Bulk Handling Systems (BHS) of Eugene, Oregon -- a leading manufacturer of recycling processing equipment -- has signed an exclusive licensing agreement with the European company Eggersmann Anlagenbau to design and build high-solids biogas...

Bulk Handling Systems (BHS) of Eugene, Oregon — a leading manufacturer of recycling processing equipment — has signed an exclusive licensing agreement with the European company Eggersmann Anlagenbau to design and build high-solids biogas facilities in North America. The Kompoferm® system utilizes a unique anaerobic digestion system that creates energy from organic waste.

The Kompoferm system uses a highly efficient dry fermentation process, with low investment costs and high biogas yields. The system meets the growing demand for more economy and ecology in the burgeoning waste-to-energy industry, says BHS President Steve Miller, adding that the agreement is a perfect complement to BHS’ lineup of recovery systems.

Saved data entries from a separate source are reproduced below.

(* Let Knapsack be the parameterised query whose inputs are $n$ items with profits $p_1,\dots,p_n$ and weights $w_1,\dots,w_n$, a capacity bound $B$ and a profit threshold $T$ (all natural numbers given as $n$-bit numbers), with parameter $B$, asking whether there is $S\subseteq[n]$ with $\sum_{i\in S}p_i\ge T$ and $\sum_{i\in S}w_i\le B$. Let $\Delta_{\mathrm{KS}}$ be the set of change operations that arbitrarily replace the profit and the weight of one item, and that set $B$ or $T$ to any value. Then $(\mathrm{Knapsack},\Delta_{\mathrm{KS}})\in\mathrm{ParaSD}$.
   Context: Encoding: the domain is $[n]$; a binary relation $P$ with $(i,j)\in P$ iff the $j$-th bit of $p_i$ is $1$, analogously a binary relation $W$ for the weights, and unary relations $B$, $T$ for the bits of $B$ and $T$. The parameter $B$ may be any value up to $2^n-1$. $\mathrm{FO}{+}\mathrm{ar}$: order-invariant first-order logic with access to a linear order and compatible addition and multiplication. An advice is a computable map $\pi$ from $\mathbb{N}$ to structures over a fixed schema. A dynamic program with advice $(P,\pi)$ has auxiliary relations including a query relation and, for every change operation and auxiliary relation, an update $\mathrm{FO}{+}\mathrm{ar}$ formula over input, auxiliary and advice schema (with change parameters as free variables); states are $(D\uplus D_{\mathrm{adv}},\mathcal{I},\mathcal{A},\pi(k_{\max}))$ with arithmetic on $D\uplus D_{\mathrm{adv}}$ and auxiliary relations over $D\uplus D_{\mathrm{adv}}$; after a change each auxiliary relation is replaced by the result of its update formula on the old state. $(Q,\kappa,\Delta)\in\mathrm{ParaSD}$ if for some computable $f$ there is such a program with $|\pi(k)|\le f(k)$ for all $k$ such that, for every empty initial input, every $k_{\max}$ and every change sequence over $\Delta$ keeping the parameter at most $k_{\max}$ after every prefix, the query relation (starting from empty auxiliary relations and advice $\pi(k_{\max})$) equals the query answer on the current input. *)

theory Defs
  imports Main "HOL-Library.Nat_Bijection"
begin

datatype recf = RZ | RS | RProj nat | RComp recf "recf list" | RPrim recf recf | RMn recf

inductive reval :: "recf \<Rightarrow> nat list \<Rightarrow> nat \<Rightarrow> bool" where
  "reval RZ xs 0"
| "reval RS (x # xs) (Suc x)"
| "i < length xs \<Longrightarrow> reval (RProj i) xs (xs ! i)"
| "list_all2 (\<lambda>g y. reval g xs y) gs ys \<Longrightarrow> reval f ys z \<Longrightarrow> reval (RComp f gs) xs z"
| "reval f xs z \<Longrightarrow> reval (RPrim f g) (0 # xs) z"
| "reval (RPrim f g) (n # xs) y \<Longrightarrow> reval g (y # n # xs) z \<Longrightarrow> reval (RPrim f g) (Suc n # xs) z"
| "reval f (n # xs) 0 \<Longrightarrow> (\<forall>m<n. \<exists>y. 0 < y \<and> reval f (m # xs) y) \<Longrightarrow> reval (RMn f) xs n"

definition computable1 :: "(nat \<Rightarrow> nat) \<Rightarrow> bool" where
  "computable1 g \<longleftrightarrow> (\<exists>r. \<forall>a. reval r [a] (g a))"

definition computable2 :: "(nat \<Rightarrow> nat \<Rightarrow> nat) \<Rightarrow> bool" where
  "computable2 g \<longleftrightarrow> (\<exists>r. \<forall>a b. reval r [a, b] (g a b))"

text \<open>Relation symbols: input relations P, W (binary), B, T (unary); auxiliary
  relations; advice relations; unary relational change parameters (new bit sets).\<close>
datatype sym = SP | SW | SB | ST | SAux nat | SAdv nat | SCh nat

text \<open>Terms: first-order variables and element change parameters.\<close>
datatype tm = V nat | C nat

datatype fo =
    Atom sym "tm list"
  | Eq tm tm
  | Lt tm tm
  | Plus tm tm tm     \<comment> \<open>x + y = z\<close>
  | Times tm tm tm    \<comment> \<open>x * y = z\<close>
  | Neg fo
  | Conj fo fo
  | Exi nat fo

fun tval :: "nat list \<Rightarrow> (nat \<Rightarrow> nat) \<Rightarrow> tm \<Rightarrow> nat" where
  "tval ce env (V x) = env x"
| "tval ce env (C i) = (if i < length ce then ce ! i else 0)"

fun sat :: "nat \<Rightarrow> (sym \<Rightarrow> nat list set) \<Rightarrow> nat list \<Rightarrow> (nat \<Rightarrow> nat) \<Rightarrow> fo \<Rightarrow> bool" where
  "sat N I ce env (Atom R ts) = (map (tval ce env) ts \<in> I R)"
| "sat N I ce env (Eq a b) = (tval ce env a = tval ce env b)"
| "sat N I ce env (Lt a b) = (tval ce env a < tval ce env b)"
| "sat N I ce env (Plus a b c) = (tval ce env a + tval ce env b = tval ce env c)"
| "sat N I ce env (Times a b c) = (tval ce env a * tval ce env b = tval ce env c)"
| "sat N I ce env (Neg \<phi>) = (\<not> sat N I ce env \<phi>)"
| "sat N I ce env (Conj \<phi> \<psi>) = (sat N I ce env \<phi> \<and> sat N I ce env \<psi>)"
| "sat N I ce env (Exi x \<phi>) = (\<exists>d<N. sat N I ce (env(x := d)) \<phi>)"

record ks_input =
  kp :: "nat \<Rightarrow> nat"
  kw :: "nat \<Rightarrow> nat"
  kB :: nat
  kT :: nat

definition ks_empty :: ks_input where
  "ks_empty = \<lparr>kp = (\<lambda>_. 0), kw = (\<lambda>_. 0), kB = 0, kT = 0\<rparr>"

definition knapsack :: "nat \<Rightarrow> ks_input \<Rightarrow> bool" where
  "knapsack n x \<longleftrightarrow> (\<exists>S \<subseteq> {0..<n}. (\<Sum>i\<in>S. kp x i) \<ge> kT x \<and> (\<Sum>i\<in>S. kw x i) \<le> kB x)"

datatype ks_change = ChItem nat nat nat | ChB nat | ChT nat

datatype ks_op = OpItem | OpB | OpT

fun ks_valid :: "nat \<Rightarrow> ks_change \<Rightarrow> bool" where
  "ks_valid n (ChItem i p w) \<longleftrightarrow> i < n \<and> p < 2 ^ n \<and> w < 2 ^ n"
| "ks_valid n (ChB b) \<longleftrightarrow> b < 2 ^ n"
| "ks_valid n (ChT t) \<longleftrightarrow> t < 2 ^ n"

fun ks_apply :: "ks_change \<Rightarrow> ks_input \<Rightarrow> ks_input" where
  "ks_apply (ChItem i p w) x = x\<lparr>kp := (kp x)(i := p), kw := (kw x)(i := w)\<rparr>"
| "ks_apply (ChB b) x = x\<lparr>kB := b\<rparr>"
| "ks_apply (ChT t) x = x\<lparr>kT := t\<rparr>"

fun ks_op_of :: "ks_change \<Rightarrow> ks_op" where
  "ks_op_of (ChItem _ _ _) = OpItem"
| "ks_op_of (ChB _) = OpB"
| "ks_op_of (ChT _) = OpT"

definition bitset :: "nat \<Rightarrow> nat \<Rightarrow> nat set" where
  "bitset n a = {j. j < n \<and> bit a j}"

fun ks_elems :: "ks_change \<Rightarrow> nat list" where
  "ks_elems (ChItem i _ _) = [i]"
| "ks_elems (ChB _) = []"
| "ks_elems (ChT _) = []"

fun ks_sets :: "nat \<Rightarrow> ks_change \<Rightarrow> nat set list" where
  "ks_sets n (ChItem _ p w) = [bitset n p, bitset n w]"
| "ks_sets n (ChB b) = [bitset n b]"
| "ks_sets n (ChT t) = [bitset n t]"

text \<open>An advice structure: domain size m (elements 0..<m) and relations.\<close>
type_synonym advice = "nat \<times> (nat \<Rightarrow> nat list set)"

definition wf_advice :: "nat list \<Rightarrow> advice \<Rightarrow> bool" where
  "wf_advice adv_ar a \<longleftrightarrow> (\<forall>j. \<forall>t\<in>snd a j. j < length adv_ar \<and> length t = adv_ar ! j
                                     \<and> (\<forall>x\<in>set t. x < fst a))"

definition computable_advice :: "nat list \<Rightarrow> (nat \<Rightarrow> advice) \<Rightarrow> bool" where
  "computable_advice adv_ar \<pi> \<longleftrightarrow> computable1 (\<lambda>k. fst (\<pi> k)) \<and>
     (\<forall>j<length adv_ar. computable2 (\<lambda>k c. if list_decode c \<in> snd (\<pi> k) j then 1 else 0))"

text \<open>The full structure over D \<uplus> D_adv = {0..<n+m}: input elements are 0..<n,
  advice elements are n..<n+m.\<close>
definition ks_struct :: "nat \<Rightarrow> ks_input \<Rightarrow> (nat \<Rightarrow> nat list set) \<Rightarrow> advice
                         \<Rightarrow> nat set list \<Rightarrow> sym \<Rightarrow> nat list set" where
  "ks_struct n x aux a cs R = (case R of
      SP \<Rightarrow> {[i, j] | i j. i < n \<and> j < n \<and> bit (kp x i) j}
    | SW \<Rightarrow> {[i, j] | i j. i < n \<and> j < n \<and> bit (kw x i) j}
    | SB \<Rightarrow> {[j] | j. j < n \<and> bit (kB x) j}
    | ST \<Rightarrow> {[j] | j. j < n \<and> bit (kT x) j}
    | SAux j \<Rightarrow> aux j
    | SAdv j \<Rightarrow> map (\<lambda>v. v + n) ` snd a j
    | SCh k \<Rightarrow> (if k < length cs then {[j] | j. j \<in> cs ! k} else {}))"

“As we continue to move forward in our efforts to extract more value out of the waste stream, we could not ignore the renewable energy potential available from the organic portion of solid waste,” Miller says. “The Kompoferm system is the leading technology of its type in the world and enables BHS to provide its customers with systems that extract high-value recyclable materials from the waste stream, to make these systems energy neutral, and to provide additional renewable power to the communities where the waste is generated.”

Utilizing a well-controlled, biologically-stable, and proven design, the system’s percolate cycle ensures the production of biogas at a uniformly high level. The special layout shortens the percolate path to a minimum and significantly reduces the area required for the system. Production is continuous, simple, safe and highly-automated.

Several biogas plants in Europe have used the process with excellent success, Miller says, adding that although there are biogas plants operating in North America, the standard technology currently used is not as advanced or efficient as the Kompoferm system. Several projects using the design are already in the planning stages in North America, with the first Kompoferm plant slated to begin operation in 2011 in San Jose, California.

Total system solution

The Kompoferm anaerobic digestion process can be used on its own or combined with the BHS system to create a complete zero waste solution.

In a combined system, municipal waste is brought to a facility where the BHS Bag Breaker releases the contents of bagged material without damaging the commodities and eliminates the need for manual labour to open bags. The Nihot Single Drum Separator further processes the waste using the latest in air technologies to separate by material density. The BHS Polishing Screen has the unique ability to create three material fractions: mixed fibre, containers and organic fines.

Unders from the Polishing Screen are conveyed to a container line for further separation. A cross belt magnet effectively removes ferrous metals from the container stream. Optical sorters use high-speed infrared detection technology and precise colour sensing technology to rapidly identify and separate containers with high efficiency and low product loss.

The BHS Eddy Current Separator uses a strong magnetic field to efficiently and accurately repel aluminum from incoming materials. The patented Debris Roll Screen uses unique disc design and configuration for optimum material agitation and separation and accurately sizes organic material for further processing.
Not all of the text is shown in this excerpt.